Six rats, ranging in age from ten to twelve weeks, were randomly assigned to one of two groups. In Group I, participants were given a vehicle control (gum acacia 1% w/v in distilled water) and in Group II, they were given methanolic extract of Rhizomes of Ginger and Tubers of Turmeric (MERG and METT, respectively) in ratio of 1:1 as a test. There were three female animals each group. None of the females were carrying any babies. In accordance with the recommendations, the dosage used in this investigation is the limit test dose. Based on the dose recommended in OECD guideline 423 (19), the starting dose for the limit test was chosen as 2000 mg/kg. To determine mortality and any changes in autonomic or behavioural responses (such as alertness, restlessness, grooming, touch reaction, righting reflux, salivation, urination, food intake, water intake, convulsion, writhing, skin colour, corneal reflex, and coma) after oral administration, the rats were watched hourly for 24 hours.

2.3.2 Evaluation of anti-arthritis activity using Complete Freund’s adjuvant-induced arthritis

Chronic inflammation was induced in all animals of group II, III, IV and V on Day 1 by injection of CFA suspended in oil. CFA (1 mg/ml; Sigma) was injected at a volume of 150µl into the joint space of the left knee through the patella tendon (synovial cavity) using a sterile 26-gauge needle (20, 21).

2.4 Assessment of Parameters

2.4.1 Relative Body Weight

The body weight of each rat was recorded during the experimental period, once before the treatment and 2-3 times a week during the treatment and express in the form of relative body weight (RBW). The RBW of each animal was calculated as follow:

RBW = BW(g)  X 100

  IB(g)

Where BW is the Absolute body weight at one time interval and IB is the initial body weight of rat on the beginning of the treatment.

2.4.2 Measurement of edematous swelling of the knee (Knee joint diameter)
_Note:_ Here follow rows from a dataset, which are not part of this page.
(* Let $\Theta$ be a space of input histories satisfying the free-choice condition, and let $(\Theta'_k)_{k\in\max\mathrm{Ext}(\Theta)}$ be a family of spaces of input histories with $E^\Theta\cap E^{\Theta'_k}=\emptyset$ for all $k$. Assume that the families of input sets $(I^{\Theta'_k}_\omega)_{\omega\in E^{\Theta'_k}}$ are identical for all $k\in\max\mathrm{Ext}(\Theta)$ and that every $\Theta'_k$ satisfies the free-choice condition. Then $$\mathrm{CC}\big(\Theta\rightsquigarrow(\Theta'_k)_k\big)=\big\{\hat\Theta\rightsquigarrow(\hat\Theta'_k)_k:\ \hat\Theta\in\mathrm{CC}(\Theta),\ \hat\Theta'_k\in\mathrm{CC}(\Theta'_k)\text{ for all }k\in\max\mathrm{Ext}(\Theta)\big\}$$ (where the family $(\hat\Theta'_k)_k$ is indexed by $\max\mathrm{Ext}(\Theta)=\max\mathrm{Ext}(\hat\Theta)$).
   Context: A partial function is a function $f$ with domain $\mathrm{dom}(f)$ a subset of an index set, values in given sets; ordered by restriction ($f\le g$ iff $\mathrm{dom}(f)\subseteq\mathrm{dom}(g)$, $g|_{\mathrm{dom}(f)}=f$). Compatible = agreeing on common domain; a compatible set $\mathcal F$ has join $\bigvee\mathcal F$ (union). $\Theta$ is $\vee$-prime if for compatible $\mathcal F\subseteq\Theta$ with $\bigvee\mathcal F\in\Theta$ we have $\bigvee\mathcal F\in\mathcal F$. A space of input histories is a finite $\vee$-prime set of partial functions; $E^\Theta=\bigcup_{h\in\Theta}\mathrm{dom}(h)$, $I^\Theta_\omega=\{h(\omega):h\in\Theta,\omega\in\mathrm{dom}(h)\}$, $\mathrm{Ext}(\Theta)=\{\bigvee\mathcal F:\emptyset\ne\mathcal F\subseteq\Theta\text{ compatible}\}$. Free-choice: maximal elements of $\mathrm{Ext}(\Theta)$ are exactly the total functions in $\prod_{\omega\in E^\Theta}I^\Theta_\omega$. $\mathrm{tips}_\Theta(h)=\mathrm{dom}(h)\setminus\bigcup\{\mathrm{dom}(k):k\in\mathrm{Ext}(\Theta),k<h\}$. Causally complete: free-choice and $|\mathrm{tips}_\Theta(h)|=1$ for all $h\in\Theta$. Order: $\Theta_1\le\Theta_2$ iff $\mathrm{Ext}(\Theta_1)\supseteq\mathrm{Ext}(\Theta_2)$. $\mathrm{CC}(\Theta)$ = maximal elements of $\{\Theta_1\le\Theta:\Theta_1\text{ causally complete}\}$. Conditional sequential composition: $\Theta\rightsquigarrow(\Theta'_k)_k=\Theta\cup\{k\vee h':k\in\max\mathrm{Ext}(\Theta),\ h'\in\Theta'_k\}$. *)

theory Defs
  imports Main
begin

text \<open>Partial functions from an index set of events 'e to values 'v are modelled
as maps 'e \<rightharpoonup> 'v; the order by restriction is map_le.\<close>

definition compatible :: "('e \<rightharpoonup> 'v) set \<Rightarrow> bool" where
  "compatible F \<longleftrightarrow> (\<forall>f\<in>F. \<forall>g\<in>F. \<forall>x\<in>dom f \<inter> dom g. f x = g x)"
(* For all $e,f\in\mathrm{Exp}$, if $e\mathrel{\dot\equiv}f$ then $e\sim f$.
   Context: Fix a finite set $T$ of primitive tests, a set $\mathrm{Act}$ of atomic actions, a set $\mathrm{Out}$ of return values, and a semiring $(S,+,\cdot,0,1)$ that is positive ($x+y=0\Rightarrow x=y=0$), refinement (whenever $x+y=z+w$ there exist $s,t,u,v$ with $s+t=x$, $s+u=z$, $u+v=y$, $t+v=w$) and Conway (with ${}^*:S\to S$ satisfying $(a+b)^*=a^*(ba^* )^*$, $(ab)^*=1+a(ba)^*b$). Tests: $b,c\in\mathrm{BExp}::=\mathtt{0}\mid\mathtt{1}\mid t\ (t\in T)\mid\bar b\mid b+c\mid bc$ ($\mathtt 0,\mathtt 1$ false/true, distinct from semiring $0,1$); $\equiv_{BA}$ is Boolean equivalence; $\mathrm{At}$ is the finite set of atoms of the free Boolean algebra on $T$, atoms also regarded as tests; $\alpha\le b$ means $\alpha$ entails $b$. Expressions: $e,f\in\mathrm{Exp}::= p\in\mathrm{Act}\mid b\in\mathrm{BExp}\mid e+_b f\mid e;f\mid e^{(b)}\mid v\in\mathrm{Out}\mid e\oplus_{r,s} f\ (r,s\in S)$; $\odot r:=\mathtt 1\oplus_{r,0}\mathtt 0$. $\mathcal M_\omega(X)$: finitely supported maps $X\to S$, pointwise operations; $\delta_x$ indicator of $x$; $\nu[A]=\sum_{x\in A}\nu(x)$. A wGKAT automaton is $(X,\beta)$ with $\beta:X\to\mathcal M_\omega(\{\mathsf{acc},\mathsf{rej}\}+\mathrm{Out}+\mathrm{Act}\times X)^{\mathrm{At}}$. A map $h:X\to Y$ between automata $(X,\beta),(Y,\gamma)$ is a homomorphism if for all $x,\alpha$: $\gamma(h(x))_\alpha(o)=\beta(x)_\alpha(o)$ for $o\in\{\mathsf{acc},\mathsf{rej}\}+\mathrm{Out}$, and $\gamma(h(x))_\alpha(p,y)=\beta(x)_\alpha[\{p\}\times h^{-1}(y)]$. A relation $R\subseteq X\times Y$ is a bisimulation if there is $\rho:R\to\mathcal M_\omega(\{\mathsf{acc},\mathsf{rej}\}+\mathrm{Out}+\mathrm{Act}\times R)^{\mathrm{At}}$ making both projections homomorphisms from $(R,\rho)$; $e\sim f$ means some bisimulation on $(\mathrm{Exp},\partial)$ contains $(e,f)$. The derivative automaton: $\partial(b)_\alpha=\delta_{\mathsf{acc}}$ if $\alpha\le b$, else $\delta_{\mathsf{rej}}$; $\partial(v)_\alpha=\delta_v$; $\partial(p)_\alpha=\delta_{(p,\mathtt 1)}$; $\partial(e+_bf)_\alpha=\partial(e)_\alpha$ if $\alpha\le b$, else $\partial(f)_\alpha$; $\partial(e\oplus_{r,s}f)_\alpha=r\partial(e)_\alpha+s\partial(f)_\alpha$; $\partial(e;f)_\alpha=\sum_x\partial(e)_\alpha(x)c_{\alpha,f}(x)$ with $c_{\alpha,f}(\mathsf{acc})=\partial(f)_\alpha$, $c_{\alpha,f}(x)=\delta_x$ for $x\in\{\mathsf{rej}\}\cup\mathrm{Out}$, $c_{\alpha,f}(p,e')=\delta_{(p,e';f)}$; $\partial(e^{(b)})_\alpha(x)$ is $1$ if $x=\mathsf{acc}$ and $\alpha\le\bar b$; $\partial(e)_\alpha(\mathsf{acc})^*\partial(e)_\alpha(x)$ if $x\in\{\mathsf{rej}\}\cup\mathrm{Out}$ and $\alpha\le b$; $\partial(e)_\alpha(\mathsf{acc})^*\partial(e)_\alpha(p,e')$ if $x=(p,e';e^{(b)})$ and $\alpha\le b$; $0$ otherwise. $E:\mathrm{Exp}\to S^{\mathrm{At}}$: $E(p)_\alpha=E(v)_\alpha=0$; $E(b)_\alpha=1$ if $\alpha\le b$ else $0$; $E(e\oplus_{r,s}f)_\alpha=rE(e)_\alpha+sE(f)_\alpha$; $E(e+_bf)_\alpha=E(e)_\alpha$ if $\alpha\le b$ else $E(f)_\alpha$; $E(e;f)_\alpha=E(e)_\alpha E(f)_\alpha$; $E(e^{(b)})_\alpha=E(\bar b)_\alpha$. The relation $\equiv$ is the smallest congruence on $\mathrm{Exp}$ (tests taken up to $\equiv_{BA}$; sequencing binds tighter than $\oplus$, $\odot$ binds tightest) containing, for all $e,f,g\in\mathrm{Exp}$, tests $b,c$, $v\in\mathrm{Out}$, $r,s,t,u\in S$: (G1) $e+_be\equiv e$; (G2) $e+_bf\equiv b;e+_bf$; (G3) $e+_bf\equiv f+_{\bar b}e$; (G4) $(e+_bf)+_cg\equiv e+_{bc}(f+_cg)$; (D1) $e\oplus_{r,s}(f+_bg)\equiv(e\oplus_{r,s}f)+_b(e\oplus_{r,s}g)$; (D2) $e\oplus_{r,s}(f\oplus_{t,u}g)\equiv e\oplus_{r,1}(f\oplus_{st,su}g)$; (D3) $b;(e\oplus_{r,s}f)\equiv b;(b;e\oplus_{r,s}b;f)$; (S1) $\mathtt 1;e\equiv e\equiv e;\mathtt 1$; (S2) $(e;f);g\equiv e;(f;g)$; (S3) $\mathtt 0;e\equiv\mathtt 0$; (S4) $(e\oplus_{r,s}f);g\equiv e;g\oplus_{r,s}f;g$; (S5) $(e+_bf);g\equiv e;g+_bf;g$; (S6) $v;e\equiv v$; (S7) $b;c\equiv bc$; (L1) $e^{(b)}\equiv e;e^{(b)}+_b\mathtt 1$; (C1) $\odot1\equiv\mathtt 1$; (C2) $\odot0;e\equiv\odot0$; (W1) $e\oplus_{r,s}e\equiv\odot(r+s);e$; (W2) $e\oplus_{r,s}f\equiv f\oplus_{s,r}e$; (W3) $e\oplus_{r,s}(f\oplus_{t,u}g)\equiv(e\oplus_{r,st}f)\oplus_{1,su}g$; (W4) $e\oplus_{ru,s}f\equiv(\odot u;e)\oplus_{r,s}f$; and closed under the rules (L2) if $e\equiv(f\oplus_{r,s}\mathtt 1)+_cg$ then $c;e^{(b)}\equiv c;((\odot(s^*r);f;e^{(b)})+_b\mathtt 1)$; (F1) if $g\equiv e;g+_bf$ and $E(e)_\alpha=0$ for all $\alpha\in\mathrm{At}$ then $g\equiv e^{(b)};f$. Systems of equations: for a finite set $X$ of indeterminates, a term over $X$ is a generalized guarded sum $\mathrm{GS}_{\alpha\in\mathrm{At}}w_\alpha$ (where $\mathrm{GS}_{\alpha\in\emptyset}:=\mathtt 0$ and $\mathrm{GS}_{\alpha\in\Phi}w_\alpha:=w_\gamma+_\gamma\mathrm{GS}_{\alpha\in\Phi\setminus\{\gamma\}}w_\alpha$) of weighted sums $w_\alpha=\bigoplus_{i\in I}r_i\cdot t_i$ (with $I$ finite, $\bigoplus_{i\in I}r_i\cdot t_i:=t_j\oplus_{r_j,1}\bigoplus_{i\in I\setminus\{j\}}r_i\cdot t_i$, empty sum $\odot0$), where each $t_i$ is either an expression $f\in\mathrm{Exp}$ or a formal product $g\,x$ with $g\in\mathrm{Exp}$, $x\in X$. A system is $(X,\tau)$ with $X$ finite and $\tau$ assigning a term to each $x\in X$; it is Salomaa if every $g$ occurring in a subterm $g\,x$ of any $\tau(x)$ satisfies $E(g)_\alpha=0$ for all $\alpha$. For $h:X\to\mathrm{Exp}$, $h^\#$ maps a term to the expression obtained by replacing each $g\,x$ by $g;h(x)$. For a congruence $R$, $h$ is a solution up to $R$ if $(h(x),h^\#(\tau(x)))\in R$ for all $x$. Let $\dot\equiv$ be the least congruence containing $\equiv$ and closed under the rule (UA): if $(X,\tau)$ is a Salomaa system and $f,g:X\to\mathrm{Exp}$ are both solutions of $(X,\tau)$ up to $\dot\equiv$, then $f(x)\mathrel{\dot\equiv}g(x)$ for all $x\in X$. *)

theory Defs
  imports Main
begin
Throughout the investigation period, the knee joint diameters (left and right) was measured daily just below the level of the patella using hand-held digital micrometer screw gauge as a measure of swelling during the study. The measurement was done in triplicate and the average of these measurements was used as knee joint diameter. The daily change in knee joint diameter was determined from these measurements and compared as an indication of effect of treatments on the magnitude of edematous swelling of the knee.

2.4.3 Animal mobility

The mobility and use of the hind paws in the rats were monitored by a grid crossing assay, rearing behavior and analysis of gait as described previously by Chillingworth and Donaldson (2003) with some modifications in area of chamber for assessing spontaneous exploratory behavior for rats. Briefly, the animals were placed in an arena of dimensions 45×46 cm divided into nine quadrants, each measuring 15×20 cm. The quadrants (grids) crossed by the animals in 1 min were recorded as a measure of mobility. The number of times the animals shift their weight onto the hind paws (rear) in 1 min were also recorded as a measure of hind paw weight bearing. The gait of the animals was assessed by scoring the amount of weight placed on the ipsilateral leg as follows: (1) No weight placed on the leg. (2) Inflamed hind paw used only occasionally. (3) Occasional walking on only three paws with hopping gait. (4) Inflamed leg only occasionally not used in walking. (5) Normal walking.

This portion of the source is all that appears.